On Fri, May 5, 2017 at 2:23 PM, Jone Zhang  wrote:

> *When i use sparksql, the error as follows*
>
> 17/05/05 15:58:44 WARN scheduler.TaskSetManager: Lost task 0.0 in stage 20.0 
> (TID 4080, 10.196.143.233): java.util.ServiceConfigurationError: 
> org.apache.hadoop.fs.FileSystem: Provider tachyon.hadoop.TFS could not be 
> instantiated
>   at java.util.ServiceLoader.fail(ServiceLoader.java:224)
>   at java.util.ServiceLoader.access$100(ServiceLoader.java:181)
>   at java.util.ServiceLoader$LazyIterator.next(ServiceLoader.java:377)
>   at java.util.ServiceLoader$1.next(ServiceLoader.java:445)
>   at org.apache.hadoop.fs.FileSystem.loadFileSystems(FileSystem.java:2558)
>   at 
> org.apache.hadoop.fs.FileSystem.getFileSystemClass(FileSystem.java:2569)
>   at 
> org.apache.hadoop.fs.FileSystem.createFileSystem(FileSystem.java:2586)
>   at org.apache.hadoop.fs.FileSystem.get(FileSystem.java:365)

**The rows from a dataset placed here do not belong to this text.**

definition laplacian :: "real mat \<Rightarrow> real mat" where
  "laplacian W = mat (dim_row W) (dim_col W)
     (\<lambda>(i,j). (if i = j then (\<Sum>k<dim_col W. W $$ (i,k)) else 0) - W $$ (i,j))"

definition diag_of :: "nat \<Rightarrow> (nat \<Rightarrow> real) \<Rightarrow> real mat" where
  "diag_of n d = mat n n (\<lambda>(i,j). if i = j then d i else 0)"

(* lam 0 \<le> ... \<le> lam (R-1) are the R smallest eigenvalues (with multiplicity) of the
   N x N matrix L and the columns of U are corresponding orthonormal eigenvectors,
   i.e. the first R columns of a full orthonormal eigenbasis with sorted eigenvalues. *)
definition reduced_fourier_basis :: "nat \<Rightarrow> nat \<Rightarrow> real mat \<Rightarrow> (nat \<Rightarrow> real) \<Rightarrow> real mat \<Rightarrow> bool" where
  "reduced_fourier_basis N R L lam U \<longleftrightarrow>
     U \<in> carrier_mat N R \<and>
     (\<exists>V mu. V \<in> carrier_mat N N \<and> transpose_mat V * V = 1\<^sub>m N \<and>
        L * V = V * diag_of N mu \<and>
        (\<forall>i j. i \<le> j \<longrightarrow> j < N \<longrightarrow> mu i \<le> mu j) \<and>
        (\<forall>j<R. col U j = col V j \<and> lam j = mu j))"

definition selection_matrix :: "nat \<Rightarrow> nat \<Rightarrow> real mat \<Rightarrow> bool" where
  "selection_matrix m N S \<longleftrightarrow> S \<in> carrier_mat m N \<and>
     (\<exists>p. inj_on p {..<m} \<and> (\<forall>i<m. p i < N) \<and>
        (\<forall>i<m. \<forall>j<N. S $$ (i,j) = (if j = p i then 1 else 0)))"

definition Mbar :: "nat \<Rightarrow> real \<Rightarrow> real mat" where
  "Mbar R \<sigma> = mat R R (\<lambda>(i,j). exp ((real i - real j)^2 / \<sigma>^2))"

definition problem3_obj ::
  "real mat \<Rightarrow> real mat \<Rightarrow> real vec \<Rightarrow> real mat \<Rightarrow> real mat \<Rightarrow> real vec \<Rightarrow>
   real \<Rightarrow> real \<Rightarrow> real \<Rightarrow> nat \<Rightarrow> real vec \<Rightarrow> real vec \<Rightarrow> real mat \<Rightarrow> real" where
  "problem3_obj Ss Us ys St Ut yt \<mu>1 \<mu>2 \<sigma> R a_s a_t T =
     (vnorm (Ss *\<^sub>v (Us *\<^sub>v a_s) - ys))^2
     + (vnorm (St *\<^sub>v (Ut *\<^sub>v (T *\<^sub>v a_t)) - yt))^2
     + \<mu>1 * (vnorm (a_s - a_t))^2 + \<mu>2 * frob_sq (hadamard (Mbar R \<sigma>) T)"

definition problem3_feasible :: "nat \<Rightarrow> real vec \<Rightarrow> real vec \<Rightarrow> real mat \<Rightarrow> bool" where
  "problem3_feasible R a_s a_t T \<longleftrightarrow> a_s \<in> carrier_vec R \<and> a_t \<in> carrier_vec R \<and>
     T \<in> carrier_mat R R \<and> (\<forall>j<R. (\<Sum>i<R. (T $$ (i,j))^2) = 1)"

definition problem3_solution ::
  "real mat \<Rightarrow> real mat \<Rightarrow> real vec \<Rightarrow> real mat \<Rightarrow> real mat \<Rightarrow> real vec \<Rightarrow>
   real \<Rightarrow> real \<Rightarrow> real \<Rightarrow> nat \<Rightarrow> real vec \<Rightarrow> real vec \<Rightarrow> real mat \<Rightarrow> bool" where
  "problem3_solution Ss Us ys St Ut yt \<mu>1 \<mu>2 \<sigma> R a_s a_t T \<longleftrightarrow>
     problem3_feasible R a_s a_t T \<and>
     (\<forall>a_s' a_t' T'. problem3_feasible R a_s' a_t' T' \<longrightarrow>
        problem3_obj Ss Us ys St Ut yt \<mu>1 \<mu>2 \<sigma> R a_s a_t T
        \<le> problem3_obj Ss Us ys St Ut yt \<mu>1 \<mu>2 \<sigma> R a_s' a_t' T')"

end

theory Submission
  imports Defs "HOL-Analysis.L2_Norm"
begin

(* In an orthonormal eigenbasis a Laplacian quadratic form diagonalises:
   (U a)^T L (U a) = \<Sum>j lam_j a_j^2. Writing T a_t = a_t + e with |e| \<le> \<Delta>T C, the
   difference of the two energies telescopes into three perturbations: changing the
   eigenvalues costs at most \<delta> |a_s|^2, changing a_s into a_t at most
   \<lambda>_R |a_s - a_t| (|a_s| + |a_t|), and adding e at most \<lambda>_R |e| (|a_t| + |a_t + e|).
   The eigenvalues of a graph Laplacian are nonnegative, so those of the target graph
   lie in [0, \<lambda>_R]. *)

lemma L2_set_power2: "(L2_set f A)\<^sup>2 = (\<Sum>i\<in>A. (f i)\<^sup>2)"
  unfolding L2_set_def by (simp add: sum_nonneg)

>   at org.apache.hadoop.fs.FileSystem.get(FileSystem.java:167)
>   at 
> org.apache.hadoop.mapred.JobConf.getWorkingDirectory(JobConf.java:654)
>   at 
> org.apache.hadoop.mapred.FileInputFormat.setInputPaths(FileInputFormat.java:436)
>   at 
> org.apache.spark.sql.hive.HadoopTableReader$.initializeLocalJobConfFunc(TableReader.scala:321)
>   at 
> org.apache.spark.sql.hive.HadoopTableReader$$anonfun$12.apply(TableReader.scala:276)
>   at 
> org.apache.spark.sql.hive.HadoopTableReader$$anonfun$12.apply(TableReader.scala:276)
>   at 
> org.apache.spark.rdd.HadoopRDD$$anonfun$getJobConf$6.apply(HadoopRDD.scala:176)
>   at 
> org.apache.spark.rdd.HadoopRDD$$anonfun$getJobConf$6.apply(HadoopRDD.scala:176)
>   at scala.Option.map(Option.scala:145)

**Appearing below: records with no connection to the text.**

lemma card_large_component:
  assumes "large c"
  shows "finite {v\<in>prune_blocks. comp_key v = R `` {c}}
    \<and> card {v\<in>prune_blocks. comp_key v = R `` {c}} \<le> (q + 1)^2 * q * (2 * q + 1) + q"
proof -
  let ?G = "R `` {c} \<inter> prune_blocks"
  let ?U = "(\<Union>z\<in>?G. block z) \<union> twins W R (R `` {c})"
  have G: "finite ?G" "card ?G \<le> (q + 1)^2 * q"
    using card_large_cluster_prune_blocks[OF assms] by auto
  have "finite ?U"
    using G(1) finite_block few_twins by blast
  moreover have "card ?U \<le> (q + 1)^2 * q * (2 * q + 1) + q"
  proof -
    have "card (\<Union>z\<in>?G. block z) \<le> card ?G * (2 * q + 1)"
      using card_UN_le_mult[OF G(1), of block "2 * q + 1"] card_block_le by blast
    also have "\<dots> \<le> (q + 1)^2 * q * (2 * q + 1)"
      using G(2) by (rule mult_le_mono1)
    finally show ?thesis
      using card_Un_le[of "\<Union>z\<in>?G. block z" "twins W R (R `` {c})"] few_twins[of "R `` {c}"] by linarith
  qed
  ultimately show ?thesis
    by (rule finite_card_le_if_subset[OF large_component_subset[OF assms]])
qed

lemma card_component_prune_blocks:
  assumes "w \<in> prune_blocks"
  shows "finite {v\<in>prune_blocks. comp_key v = comp_key w}
    \<and> card {v\<in>prune_blocks. comp_key v = comp_key w} \<le> 2 * q * (q * (q + 1)^2 + 1) * 2^kk"
    (is "finite ?F \<and> card ?F \<le> ?N")
proof (cases "R `` {w} = {}")
  case True
  have "?F \<subseteq> {w}"
    using comp_key_dead_end[OF True] by blast
  moreover have "finite {w}" and "card {w} \<le> ?N"
    using q_ge by simp_all
  ultimately show ?thesis
    by (rule finite_card_le_if_subset)
next
  case False
  then obtain c where wc: "(w, c) \<in> R"
    by blast
  then have key: "comp_key w = R `` {c}" and cc: "(c, c) \<in> R"
    using comp_key_succ succ_refl by blast+
  show ?thesis
  proof (cases "large c")
    case False
    let ?U = "{v\<in>W. comp_key v = R `` {c}}"
    have "?F \<subseteq> ?U"
      using key unfolding mem_prune_blocks by blast
    moreover have "finite ?U" and "card ?U \<le> ?N"
      using card_small_component[OF cc False] card_small_cluster_arith[of q kk] q_ge by auto
    ultimately show ?thesis
      by (rule finite_card_le_if_subset)
  next
    case True
    have "card {v\<in>prune_blocks. comp_key v = R `` {c}} \<le> ?N"
      using card_large_component[OF True] card_blocks_arith[of q kk] q_ge kk_ge by linarith
    then show ?thesis
      using card_large_component[OF True] key by simp
  qed
qed

end

lemma map_prod_image_iff:
  assumes "inj_on e X" and "x \<in> X" and "y \<in> X"
  shows "(e x, e y) \<in> map_prod e e ` (R \<inter> X \<times> X) \<longleftrightarrow> (x, y) \<in> R"
proof
  assume "(e x, e y) \<in> map_prod e e ` (R \<inter> X \<times> X)"
  then obtain x' y' where "(x', y') \<in> R" "x' \<in> X" "y' \<in> X" "e x' = e x" "e y' = e y"
    by auto
  then show "(x, y) \<in> R"
    using assms inj_onD[OF assms(1)] by metis
qed (use assms in auto)

section \<open>Few components of each isomorphism type\<close>

locale bounded_components = euclidean_frame W R for W :: "'w set" and R +
  fixes \<kappa> :: "'w \<Rightarrow> 'k" and N :: nat
  assumes key_edge: "\<And>a b. (a, b) \<in> R \<Longrightarrow> \<kappa> a = \<kappa> b"
    and card_fibre: "\<And>w. w \<in> W \<Longrightarrow> finite {v\<in>W. \<kappa> v = \<kappa> w} \<and> card {v\<in>W. \<kappa> v = \<kappa> w} \<le> N"
begin

definition fibre :: "'w \<Rightarrow> 'w set" where
  "fibre w = {v\<in>W. \<kappa> v = \<kappa> w}"

definition fibres :: "'w set set" where
  "fibres = fibre ` W"

text \<open>A fixed numbering of a finite set; \<open>code X\<close> describes the isomorphism type of \<open>(X, R \<inter> X \<times> X)\<close>
  by the edge relation transported along the numbering.\<close>

definition enum :: "'w set \<Rightarrow> 'w \<Rightarrow> nat" where
  "enum X = (SOME e. bij_betw e X {0..<card X})"

definition code :: "'w set \<Rightarrow> nat \<times> (nat \<times> nat) set" where
  "code X = (card X, map_prod (enum X) (enum X) ` (R \<inter> X \<times> X))"

definition prune_fibres :: "nat \<Rightarrow> 'w set" where
  "prune_fibres q = prune W fibres id code q"

lemma fibre_self: "w \<in> W \<Longrightarrow> w \<in> fibre w"
  unfolding fibre_def by simp

lemma fibre_finite: "X \<in> fibres \<Longrightarrow> finite X \<and> card X \<le> N"
  using card_fibre unfolding fibres_def fibre_def by blast

lemma fibre_subset: "X \<in> fibres \<Longrightarrow> X \<subseteq> W"
  unfolding fibres_def fibre_def by blast

lemma fibre_eq: "X \<in> fibres \<Longrightarrow> v \<in> X \<Longrightarrow> X = fibre v"
  unfolding fibres_def fibre_def by auto

lemma fibre_disjoint: "X \<in> fibres \<Longrightarrow> Y \<in> fibres \<Longrightarrow> X \<noteq> Y \<Longrightarrow> X \<inter> Y = {}"
  using fibre_eq by blast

>   at org.apache.spark.rdd.HadoopRDD.getJobConf(HadoopRDD.scala:176)
>   at org.apache.spark.rdd.HadoopRDD$$anon$1.(HadoopRDD.scala:212)
>   at org.apache.spark.rdd.HadoopRDD.compute(HadoopRDD.scala:208)

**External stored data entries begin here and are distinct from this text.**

lemma fourier_tanh_power_pochhammer:
  fixes b \<xi> :: real and k :: nat
  assumes b: "b > 0"
  defines "\<alpha> \<equiv> of_real b + \<i> * of_real \<xi> / 2" and "\<beta> \<equiv> of_real b - \<i> * of_real \<xi> / 2"
  shows "(\<integral>t. exp (- \<i> * of_real (\<xi> * t)) *
        of_real ((1 - tanh t ^ 2) powr b * ((1 - tanh t) / 2) ^ k) \<partial>lborel) =
      of_real (2 powr (2 * b - 1)) * Beta \<alpha> \<beta> * (pochhammer \<alpha> k / pochhammer (of_real (2 * b)) k)"
proof -
  have \<alpha>\<beta>: "\<alpha> + \<beta> = of_real (2 * b)"
    by (simp add: \<alpha>_def \<beta>_def)
  have "\<alpha> \<notin> \<int>\<^sub>\<le>\<^sub>0"
    using b by (intro not_nonpos_Ints_if_Re_pos) (simp add: \<alpha>_def)
  moreover have "\<alpha> + \<beta> \<notin> \<int>\<^sub>\<le>\<^sub>0"
    unfolding \<alpha>\<beta> using b by (intro not_nonpos_Ints_if_Re_pos) simp
  ultimately have shift: "Beta \<beta> (\<alpha> + of_nat k) = Beta \<alpha> \<beta> * pochhammer \<alpha> k / pochhammer (\<alpha> + \<beta>) k"
    by (rule Beta_add_nat_pochhammer)
  have \<alpha>_shift: "of_real b + of_nat k + \<i> * of_real \<xi> / 2 = \<alpha> + of_nat k"
    by (simp add: \<alpha>_def)
  show ?thesis
    unfolding fourier_tanh_power(2)[OF b] \<beta>_def[symmetric] \<alpha>_shift unfolding shift \<alpha>\<beta>
    by (simp only: mult.assoc times_divide_eq_right)
qed

lemma gegenbauer_eq_sum:
  "gegenbauer n lam x = pochhammer (2 * lam) n / fact n *
    (\<Sum>k\<le>n. pochhammer (- real n) k * pochhammer (real n + 2 * lam) k / pochhammer (lam + 1 / 2) k
      / fact k * ((1 - x) / 2) ^ k)"
  unfolding gegenbauer_def hypergeom_neg_nat by simp

lemma hypergeom_3F2_neg_nat_eq_sum:
  fixes \<alpha> \<beta> :: complex
  shows "hypergeom [- of_nat n, of_real p, \<alpha>] [of_real q, \<beta>] 1 =
    (\<Sum>k\<le>n. of_real (pochhammer (- real n) k * pochhammer p k / pochhammer q k / fact k) *
      (pochhammer \<alpha> k / pochhammer \<beta> k))"
proof -
  have neg: "- of_nat n = (of_real (- real n) :: complex)"
    by simp
  have regroup: "x * (y * u) / (z * v) / w = x * y / z / w * (u / v)" for x y z w u v :: complex
    by (simp add: divide_inverse mult_ac)
  show ?thesis
    unfolding hypergeom_neg_nat unfolding neg
    by (intro sum.cong refl)
      (simp only: list.map prod_list.Cons prod_list.Nil mult_1_right power_one pochhammer_of_real
        of_real_mult of_real_divide of_nat_fact of_real_fact regroup)
qed

lemma fourier_tanh_gegenbauer:
  fixes b lam \<xi> :: real and n :: nat
  assumes b: "b > 0"
  shows "integrable lborel (\<lambda>t. exp (- \<i> * of_real (\<xi> * t)) *
      of_real ((1 - tanh t ^ 2) powr b * gegenbauer n lam (tanh t)))"
    "(\<integral>t. exp (- \<i> * of_real (\<xi> * t)) *
        of_real ((1 - tanh t ^ 2) powr b * gegenbauer n lam (tanh t)) \<partial>lborel) =
      of_real (2 powr (2 * b - 1)) * of_real (pochhammer (2 * lam) n / fact n) *
      Beta (of_real b + \<i> * of_real \<xi> / 2) (of_real b - \<i> * of_real \<xi> / 2) *
      hypergeom [- of_nat n, of_real (real n + 2 * lam), of_real b + \<i> * of_real \<xi> / 2]
        [of_real (lam + 1 / 2), of_real (2 * b)] 1"
proof -
  define P where "P = pochhammer (2 * lam) n / fact n"
  define coeff where "coeff k = pochhammer (- real n) k * pochhammer (real n + 2 * lam) k
      / pochhammer (lam + 1 / 2) k / fact k" for k
  define J where "J k t = exp (- \<i> * of_real (\<xi> * t)) *
      of_real ((1 - tanh t ^ 2) powr b * ((1 - tanh t) / 2) ^ k)" for k t
  have integrand: "exp (- \<i> * of_real (\<xi> * t)) *
      of_real ((1 - tanh t ^ 2) powr b * gegenbauer n lam (tanh t)) =
      (\<Sum>k\<le>n. of_real (P * coeff k) * J k t)" for t
    unfolding J_def gegenbauer_eq_sum P_def coeff_def by (simp add: sum_distrib_left mult_ac)
  have J_int: "integrable lborel (J k)" for k
    unfolding J_def by (rule fourier_tanh_power(1)[OF b])
  show "integrable lborel (\<lambda>t. exp (- \<i> * of_real (\<xi> * t)) *
      of_real ((1 - tanh t ^ 2) powr b * gegenbauer n lam (tanh t)))"
    unfolding integrand using J_int by auto
  have "(\<integral>t. (\<Sum>k\<le>n. of_real (P * coeff k) * J k t) \<partial>lborel) =
      (\<Sum>k\<le>n. of_real (P * coeff k) * (\<integral>t. J k t \<partial>lborel))"
    using J_int by (simp add: Bochner_Integration.integral_sum)
  also have "\<dots> = of_real (2 powr (2 * b - 1)) * of_real P *
      Beta (of_real b + \<i> * of_real \<xi> / 2) (of_real b - \<i> * of_real \<xi> / 2) *
      (\<Sum>k\<le>n. of_real (coeff k) * (pochhammer (of_real b + \<i> * of_real \<xi> / 2) k /
        pochhammer (of_real (2 * b)) k))"
    unfolding J_def fourier_tanh_power_pochhammer[OF b] sum_distrib_left
    by (intro sum.cong refl) (simp only: of_real_mult mult_ac)
  finally show "(\<integral>t. exp (- \<i> * of_real (\<xi> * t)) *
        of_real ((1 - tanh t ^ 2) powr b * gegenbauer n lam (tanh t)) \<partial>lborel) =
      of_real (2 powr (2 * b - 1)) * of_real (pochhammer (2 * lam) n / fact n) *
      Beta (of_real b + \<i> * of_real \<xi> / 2) (of_real b - \<i> * of_real \<xi> / 2) *
      hypergeom [- of_nat n, of_real (real n + 2 * lam), of_real b + \<i> * of_real \<xi> / 2]
        [of_real (lam + 1 / 2), of_real (2 * b)] 1"
    unfolding integrand P_def[symmetric] hypergeom_3F2_neg_nat_eq_sum coeff_def .
qed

>   at org.apache.spark.rdd.HadoopRDD.compute(HadoopRDD.scala:101)
>   at org.apache.spark.rdd.RDD.computeOrReadCheckpoint(RDD.scala:306)
>   at org.apache.spark.rdd.RDD.iterator(RDD.scala:270)
>   at 
> org.apache.spark.rdd.MapPartitionsRDD.compute(MapPartitionsRDD.scala:38)
>   at org.apache.spark.rdd.RDD.computeOrReadCheckpoint(RDD.scala:306)
>   at org.apache.spark.rdd.RDD.iterator(RDD.scala:270)
>   at 
> org.apache.spark.rdd.MapPartitionsRDD.compute(MapPartitionsRDD.scala:38)
>   at org.apache.spark.rdd.RDD.computeOrReadCheckpoint(RDD.scala:306)
>   at org.apache.spark.rdd.RDD.iterator(RDD.scala:270)
>   at org.apache.spark.rdd.UnionRDD.compute(UnionRDD.scala:87)
>   at org.apache.spark.rdd.RDD.computeOrReadCheckpoint(RDD.scala:306)
>   at org.apache.spark.rdd.RDD.iterator(RDD.scala:270)
>   at 
> org.apache.spark.rdd.MapPartitionsRDD.compute(MapPartitionsRDD.scala:38)
>   at org.apache.spark.rdd.RDD.computeOrReadCheckpoint(RDD.scala:306)
>   at org.apache.spark.rdd.RDD.iterator(RDD.scala:270)
>   at 
> org.apache.spark.rdd.MapPartitionsRDD.compute(MapPartitionsRDD.scala:38)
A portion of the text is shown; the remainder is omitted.